= Beginning of Section =
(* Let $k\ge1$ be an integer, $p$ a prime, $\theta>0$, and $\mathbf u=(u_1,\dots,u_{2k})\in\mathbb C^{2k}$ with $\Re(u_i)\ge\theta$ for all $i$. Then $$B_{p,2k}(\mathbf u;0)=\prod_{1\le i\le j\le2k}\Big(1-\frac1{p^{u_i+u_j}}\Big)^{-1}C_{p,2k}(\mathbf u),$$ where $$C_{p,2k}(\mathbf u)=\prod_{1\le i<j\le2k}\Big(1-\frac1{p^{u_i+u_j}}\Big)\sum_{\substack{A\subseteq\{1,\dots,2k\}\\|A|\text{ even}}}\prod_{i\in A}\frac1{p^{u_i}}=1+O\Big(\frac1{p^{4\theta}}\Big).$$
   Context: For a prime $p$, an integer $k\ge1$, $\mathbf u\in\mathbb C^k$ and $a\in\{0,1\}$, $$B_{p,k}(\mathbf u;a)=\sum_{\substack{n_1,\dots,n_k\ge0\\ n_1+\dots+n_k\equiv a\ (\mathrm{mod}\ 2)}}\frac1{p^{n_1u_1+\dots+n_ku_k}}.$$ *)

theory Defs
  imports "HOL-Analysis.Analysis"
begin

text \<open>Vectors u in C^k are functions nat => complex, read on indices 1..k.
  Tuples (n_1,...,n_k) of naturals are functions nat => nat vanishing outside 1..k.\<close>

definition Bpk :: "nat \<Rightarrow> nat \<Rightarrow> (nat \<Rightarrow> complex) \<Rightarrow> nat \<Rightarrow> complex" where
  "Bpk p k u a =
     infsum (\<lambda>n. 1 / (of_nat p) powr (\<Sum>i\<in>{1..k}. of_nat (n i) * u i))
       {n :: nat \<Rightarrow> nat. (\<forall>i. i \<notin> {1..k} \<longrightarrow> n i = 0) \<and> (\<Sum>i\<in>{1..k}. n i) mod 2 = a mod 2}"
= End of Section =
▶ **Problem to solve**:
Copy each line of the data above that holds "Rightarrow".

▶ **Solution for this exercise**:
definition Bpk :: "nat \<Rightarrow> nat \<Rightarrow> (nat \<Rightarrow> complex) \<Rightarrow> nat \<Rightarrow> complex" where
       {n :: nat \<Rightarrow> nat. (\<forall>i. i \<notin> {1..k} \<longrightarrow> n i = 0) \<and> (\<Sum>i\<in>{1..k}. n i) mod 2 = a mod 2}"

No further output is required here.